→ **DIRECTIONS FOR THIS TASK**
Below are entries; count each line that holds the word "blast" and report the number without any other words.

---+---

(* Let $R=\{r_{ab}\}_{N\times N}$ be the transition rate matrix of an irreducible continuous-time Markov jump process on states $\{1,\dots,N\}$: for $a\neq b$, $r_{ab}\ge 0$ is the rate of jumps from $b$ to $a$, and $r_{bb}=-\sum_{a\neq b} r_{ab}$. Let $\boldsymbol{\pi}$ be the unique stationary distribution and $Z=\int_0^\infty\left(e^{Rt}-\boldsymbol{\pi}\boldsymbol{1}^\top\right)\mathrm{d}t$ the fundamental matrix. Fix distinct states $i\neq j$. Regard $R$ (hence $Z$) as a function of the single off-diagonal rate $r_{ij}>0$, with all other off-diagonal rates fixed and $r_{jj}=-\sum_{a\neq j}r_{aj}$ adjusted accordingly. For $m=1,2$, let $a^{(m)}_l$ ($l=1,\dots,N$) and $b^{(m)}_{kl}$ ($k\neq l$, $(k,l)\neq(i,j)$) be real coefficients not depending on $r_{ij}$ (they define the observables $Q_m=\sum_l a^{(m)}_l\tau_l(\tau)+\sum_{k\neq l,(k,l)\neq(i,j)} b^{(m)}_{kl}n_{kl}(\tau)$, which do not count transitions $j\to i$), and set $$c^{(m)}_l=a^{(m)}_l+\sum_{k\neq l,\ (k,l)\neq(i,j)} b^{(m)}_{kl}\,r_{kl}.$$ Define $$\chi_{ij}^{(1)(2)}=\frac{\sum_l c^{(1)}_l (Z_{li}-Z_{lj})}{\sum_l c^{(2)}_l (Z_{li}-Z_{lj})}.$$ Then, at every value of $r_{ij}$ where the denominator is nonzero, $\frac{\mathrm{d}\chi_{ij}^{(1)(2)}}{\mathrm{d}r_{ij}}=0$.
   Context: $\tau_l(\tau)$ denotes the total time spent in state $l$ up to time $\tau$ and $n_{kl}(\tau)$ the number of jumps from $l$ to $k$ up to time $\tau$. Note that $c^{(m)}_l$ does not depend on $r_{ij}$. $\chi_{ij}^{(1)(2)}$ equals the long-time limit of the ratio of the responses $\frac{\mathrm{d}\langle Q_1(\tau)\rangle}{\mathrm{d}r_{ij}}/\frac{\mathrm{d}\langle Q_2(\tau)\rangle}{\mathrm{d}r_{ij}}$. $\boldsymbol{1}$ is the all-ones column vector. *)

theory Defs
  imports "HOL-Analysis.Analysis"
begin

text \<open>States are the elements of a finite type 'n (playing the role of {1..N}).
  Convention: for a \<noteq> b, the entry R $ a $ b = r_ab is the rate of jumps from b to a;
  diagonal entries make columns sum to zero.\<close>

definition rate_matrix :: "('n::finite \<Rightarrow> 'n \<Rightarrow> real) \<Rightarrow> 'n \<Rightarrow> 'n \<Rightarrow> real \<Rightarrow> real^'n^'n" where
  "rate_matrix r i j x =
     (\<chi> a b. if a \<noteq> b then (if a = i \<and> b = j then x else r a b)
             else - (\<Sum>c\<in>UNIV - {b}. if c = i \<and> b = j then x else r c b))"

---+---

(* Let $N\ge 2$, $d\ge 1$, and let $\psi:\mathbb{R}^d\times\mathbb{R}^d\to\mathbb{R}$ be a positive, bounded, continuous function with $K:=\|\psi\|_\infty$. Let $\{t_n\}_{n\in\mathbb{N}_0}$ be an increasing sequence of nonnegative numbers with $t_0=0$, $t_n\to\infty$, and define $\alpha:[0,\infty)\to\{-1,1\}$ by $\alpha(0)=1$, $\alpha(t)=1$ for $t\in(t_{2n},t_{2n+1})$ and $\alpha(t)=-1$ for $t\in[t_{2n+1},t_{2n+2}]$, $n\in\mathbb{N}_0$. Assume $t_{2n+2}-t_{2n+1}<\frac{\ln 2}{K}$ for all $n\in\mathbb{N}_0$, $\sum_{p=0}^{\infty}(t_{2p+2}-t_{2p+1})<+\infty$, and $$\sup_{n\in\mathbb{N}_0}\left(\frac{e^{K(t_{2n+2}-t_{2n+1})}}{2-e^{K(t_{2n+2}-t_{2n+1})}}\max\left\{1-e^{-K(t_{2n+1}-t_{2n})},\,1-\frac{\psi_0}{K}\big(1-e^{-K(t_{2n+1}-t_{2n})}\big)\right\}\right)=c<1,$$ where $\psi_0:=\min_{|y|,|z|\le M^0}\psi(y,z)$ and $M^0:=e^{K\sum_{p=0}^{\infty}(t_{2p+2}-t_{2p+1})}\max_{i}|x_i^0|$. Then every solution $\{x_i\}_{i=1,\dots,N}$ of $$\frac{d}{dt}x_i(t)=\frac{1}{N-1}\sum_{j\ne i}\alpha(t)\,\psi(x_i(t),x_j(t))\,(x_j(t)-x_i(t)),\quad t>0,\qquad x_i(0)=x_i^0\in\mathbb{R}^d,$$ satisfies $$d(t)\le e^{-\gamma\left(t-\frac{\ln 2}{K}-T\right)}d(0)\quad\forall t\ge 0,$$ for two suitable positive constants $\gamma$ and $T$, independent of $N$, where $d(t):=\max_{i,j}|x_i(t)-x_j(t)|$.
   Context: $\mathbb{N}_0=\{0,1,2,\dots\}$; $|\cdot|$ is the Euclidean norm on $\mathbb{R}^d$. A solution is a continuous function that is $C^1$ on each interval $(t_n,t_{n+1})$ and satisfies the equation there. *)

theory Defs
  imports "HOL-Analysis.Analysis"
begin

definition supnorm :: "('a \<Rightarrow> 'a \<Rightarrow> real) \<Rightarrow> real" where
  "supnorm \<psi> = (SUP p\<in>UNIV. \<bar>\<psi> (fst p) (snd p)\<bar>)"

---+---

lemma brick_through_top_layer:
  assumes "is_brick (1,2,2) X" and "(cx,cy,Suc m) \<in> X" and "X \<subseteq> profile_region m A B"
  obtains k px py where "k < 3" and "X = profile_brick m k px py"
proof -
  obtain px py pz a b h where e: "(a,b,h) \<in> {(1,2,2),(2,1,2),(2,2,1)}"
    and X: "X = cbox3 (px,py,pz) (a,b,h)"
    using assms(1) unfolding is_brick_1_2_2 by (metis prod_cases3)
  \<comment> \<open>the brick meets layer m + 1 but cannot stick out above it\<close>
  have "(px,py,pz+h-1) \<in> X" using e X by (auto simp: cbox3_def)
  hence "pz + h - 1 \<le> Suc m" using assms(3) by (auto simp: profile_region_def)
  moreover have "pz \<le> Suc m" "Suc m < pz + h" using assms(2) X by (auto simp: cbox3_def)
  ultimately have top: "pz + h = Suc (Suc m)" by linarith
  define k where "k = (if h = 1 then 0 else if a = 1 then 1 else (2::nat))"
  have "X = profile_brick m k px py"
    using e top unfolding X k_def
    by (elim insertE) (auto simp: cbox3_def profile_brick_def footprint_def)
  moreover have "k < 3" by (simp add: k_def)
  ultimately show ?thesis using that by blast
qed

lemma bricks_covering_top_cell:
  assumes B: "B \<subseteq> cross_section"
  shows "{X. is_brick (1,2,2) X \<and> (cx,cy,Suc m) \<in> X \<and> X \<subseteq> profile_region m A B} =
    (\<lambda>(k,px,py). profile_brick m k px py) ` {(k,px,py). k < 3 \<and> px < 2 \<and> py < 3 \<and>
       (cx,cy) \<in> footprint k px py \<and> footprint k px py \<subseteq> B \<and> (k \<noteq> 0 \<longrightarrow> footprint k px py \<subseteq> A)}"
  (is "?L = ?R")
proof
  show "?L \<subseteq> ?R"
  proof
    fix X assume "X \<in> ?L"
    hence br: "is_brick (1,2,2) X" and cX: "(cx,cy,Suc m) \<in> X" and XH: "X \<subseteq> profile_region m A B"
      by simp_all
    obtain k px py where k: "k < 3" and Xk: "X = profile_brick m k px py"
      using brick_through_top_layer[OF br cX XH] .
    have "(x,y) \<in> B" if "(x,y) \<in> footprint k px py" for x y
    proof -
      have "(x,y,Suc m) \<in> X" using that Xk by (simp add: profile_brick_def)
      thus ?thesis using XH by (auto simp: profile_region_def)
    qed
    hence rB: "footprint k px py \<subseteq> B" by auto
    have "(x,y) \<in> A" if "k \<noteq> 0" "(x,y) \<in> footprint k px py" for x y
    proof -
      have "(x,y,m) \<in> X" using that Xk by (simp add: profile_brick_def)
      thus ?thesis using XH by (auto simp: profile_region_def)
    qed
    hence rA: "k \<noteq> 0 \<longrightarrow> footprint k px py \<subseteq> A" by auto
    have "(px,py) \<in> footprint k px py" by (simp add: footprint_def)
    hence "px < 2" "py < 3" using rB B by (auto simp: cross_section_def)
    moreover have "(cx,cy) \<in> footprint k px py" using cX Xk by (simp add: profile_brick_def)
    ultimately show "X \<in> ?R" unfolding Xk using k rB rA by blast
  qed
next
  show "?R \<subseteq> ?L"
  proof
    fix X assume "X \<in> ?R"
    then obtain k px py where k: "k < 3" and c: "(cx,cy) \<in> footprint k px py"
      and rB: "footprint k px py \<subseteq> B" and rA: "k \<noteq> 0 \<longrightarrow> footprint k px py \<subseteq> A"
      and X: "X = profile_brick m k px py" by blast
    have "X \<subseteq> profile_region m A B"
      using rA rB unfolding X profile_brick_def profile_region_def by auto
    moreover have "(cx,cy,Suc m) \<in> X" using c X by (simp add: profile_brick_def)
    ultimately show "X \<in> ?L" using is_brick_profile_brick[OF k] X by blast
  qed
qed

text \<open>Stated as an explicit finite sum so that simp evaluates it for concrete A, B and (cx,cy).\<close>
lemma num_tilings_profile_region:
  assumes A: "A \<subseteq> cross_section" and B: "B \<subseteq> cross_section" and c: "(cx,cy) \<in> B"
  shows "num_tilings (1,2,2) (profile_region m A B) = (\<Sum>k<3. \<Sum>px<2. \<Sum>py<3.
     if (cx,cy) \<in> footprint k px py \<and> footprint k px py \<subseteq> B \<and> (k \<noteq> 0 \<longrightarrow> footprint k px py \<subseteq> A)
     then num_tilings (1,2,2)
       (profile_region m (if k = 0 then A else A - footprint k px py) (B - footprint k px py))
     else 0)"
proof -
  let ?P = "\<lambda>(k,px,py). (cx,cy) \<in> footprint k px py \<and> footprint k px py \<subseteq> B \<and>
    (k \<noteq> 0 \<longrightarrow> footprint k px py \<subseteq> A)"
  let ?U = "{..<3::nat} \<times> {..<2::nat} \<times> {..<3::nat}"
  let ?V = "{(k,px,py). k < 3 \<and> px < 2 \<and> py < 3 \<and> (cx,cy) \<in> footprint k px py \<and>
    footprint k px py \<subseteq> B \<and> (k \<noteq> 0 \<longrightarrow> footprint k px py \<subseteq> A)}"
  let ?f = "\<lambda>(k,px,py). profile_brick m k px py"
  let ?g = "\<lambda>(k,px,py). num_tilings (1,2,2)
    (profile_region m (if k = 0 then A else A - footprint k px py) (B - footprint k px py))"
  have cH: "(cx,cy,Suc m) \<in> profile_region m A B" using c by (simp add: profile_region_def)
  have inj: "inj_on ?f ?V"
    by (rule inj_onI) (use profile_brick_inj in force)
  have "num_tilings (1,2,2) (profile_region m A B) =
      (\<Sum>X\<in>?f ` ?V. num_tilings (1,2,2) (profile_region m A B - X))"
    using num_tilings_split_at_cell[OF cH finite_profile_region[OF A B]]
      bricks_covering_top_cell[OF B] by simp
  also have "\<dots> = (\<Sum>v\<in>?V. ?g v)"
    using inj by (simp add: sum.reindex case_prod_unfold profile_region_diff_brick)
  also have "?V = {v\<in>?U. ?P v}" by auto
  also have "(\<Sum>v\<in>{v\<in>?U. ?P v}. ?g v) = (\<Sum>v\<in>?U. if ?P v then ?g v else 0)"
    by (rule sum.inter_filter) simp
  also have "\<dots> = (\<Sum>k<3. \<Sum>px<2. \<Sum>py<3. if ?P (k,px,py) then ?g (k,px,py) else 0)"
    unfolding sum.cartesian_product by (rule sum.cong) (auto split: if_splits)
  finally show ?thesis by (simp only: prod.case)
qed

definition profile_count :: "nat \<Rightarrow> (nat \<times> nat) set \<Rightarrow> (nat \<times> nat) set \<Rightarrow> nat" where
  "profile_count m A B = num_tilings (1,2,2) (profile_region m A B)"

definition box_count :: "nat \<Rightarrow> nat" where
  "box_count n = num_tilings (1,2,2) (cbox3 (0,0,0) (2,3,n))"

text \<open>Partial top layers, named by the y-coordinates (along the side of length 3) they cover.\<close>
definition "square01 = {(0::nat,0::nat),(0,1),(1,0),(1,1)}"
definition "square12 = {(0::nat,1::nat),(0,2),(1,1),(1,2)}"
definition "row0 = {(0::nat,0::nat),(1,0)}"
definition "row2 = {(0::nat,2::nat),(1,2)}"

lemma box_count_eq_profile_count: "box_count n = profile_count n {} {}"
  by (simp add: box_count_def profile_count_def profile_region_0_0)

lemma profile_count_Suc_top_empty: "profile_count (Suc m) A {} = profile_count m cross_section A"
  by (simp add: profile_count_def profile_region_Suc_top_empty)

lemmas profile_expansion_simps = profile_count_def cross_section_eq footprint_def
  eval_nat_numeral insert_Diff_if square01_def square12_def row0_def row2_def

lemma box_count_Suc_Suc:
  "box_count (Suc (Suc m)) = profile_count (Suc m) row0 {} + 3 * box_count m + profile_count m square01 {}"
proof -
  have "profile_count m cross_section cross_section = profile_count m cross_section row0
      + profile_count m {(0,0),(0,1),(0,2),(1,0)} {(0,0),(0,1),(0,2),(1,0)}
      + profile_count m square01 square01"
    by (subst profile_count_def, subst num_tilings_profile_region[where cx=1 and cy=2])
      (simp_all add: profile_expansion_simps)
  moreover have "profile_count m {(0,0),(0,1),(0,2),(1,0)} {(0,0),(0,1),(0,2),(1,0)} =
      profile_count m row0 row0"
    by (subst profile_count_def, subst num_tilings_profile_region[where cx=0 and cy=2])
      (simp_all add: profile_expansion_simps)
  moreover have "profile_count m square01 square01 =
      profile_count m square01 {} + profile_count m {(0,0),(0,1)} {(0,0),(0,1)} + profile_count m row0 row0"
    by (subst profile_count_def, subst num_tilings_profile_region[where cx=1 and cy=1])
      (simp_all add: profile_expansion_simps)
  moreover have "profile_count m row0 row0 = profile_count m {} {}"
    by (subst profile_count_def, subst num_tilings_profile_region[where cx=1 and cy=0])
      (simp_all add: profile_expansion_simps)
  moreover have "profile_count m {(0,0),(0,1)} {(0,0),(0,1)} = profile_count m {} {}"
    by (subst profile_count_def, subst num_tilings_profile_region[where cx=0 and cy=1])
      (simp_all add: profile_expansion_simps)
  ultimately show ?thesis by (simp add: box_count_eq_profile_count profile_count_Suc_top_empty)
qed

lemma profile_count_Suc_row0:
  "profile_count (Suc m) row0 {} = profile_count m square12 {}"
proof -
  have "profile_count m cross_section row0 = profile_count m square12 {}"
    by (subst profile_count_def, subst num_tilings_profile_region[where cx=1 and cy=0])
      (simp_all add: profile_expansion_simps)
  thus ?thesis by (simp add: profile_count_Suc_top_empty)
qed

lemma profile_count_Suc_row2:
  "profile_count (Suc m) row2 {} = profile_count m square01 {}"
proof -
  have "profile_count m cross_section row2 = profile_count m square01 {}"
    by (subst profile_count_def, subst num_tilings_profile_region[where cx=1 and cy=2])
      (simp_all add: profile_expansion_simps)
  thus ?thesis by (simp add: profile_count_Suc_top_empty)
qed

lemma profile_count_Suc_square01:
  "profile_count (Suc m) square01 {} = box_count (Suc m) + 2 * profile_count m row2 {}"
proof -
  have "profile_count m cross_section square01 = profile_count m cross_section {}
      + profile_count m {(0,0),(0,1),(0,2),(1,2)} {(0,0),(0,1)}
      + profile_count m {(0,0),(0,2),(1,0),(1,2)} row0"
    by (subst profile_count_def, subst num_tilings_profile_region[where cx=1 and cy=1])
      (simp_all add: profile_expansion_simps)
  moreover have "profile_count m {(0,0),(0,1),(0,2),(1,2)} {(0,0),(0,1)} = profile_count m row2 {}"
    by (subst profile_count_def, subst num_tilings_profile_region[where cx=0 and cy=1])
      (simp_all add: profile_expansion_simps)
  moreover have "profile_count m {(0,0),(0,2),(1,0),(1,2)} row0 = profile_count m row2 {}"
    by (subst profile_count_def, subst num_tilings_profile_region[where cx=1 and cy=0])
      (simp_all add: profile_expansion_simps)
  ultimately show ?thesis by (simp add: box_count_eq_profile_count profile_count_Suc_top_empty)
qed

---+---

→ **PROBLEM SOLUTION**
4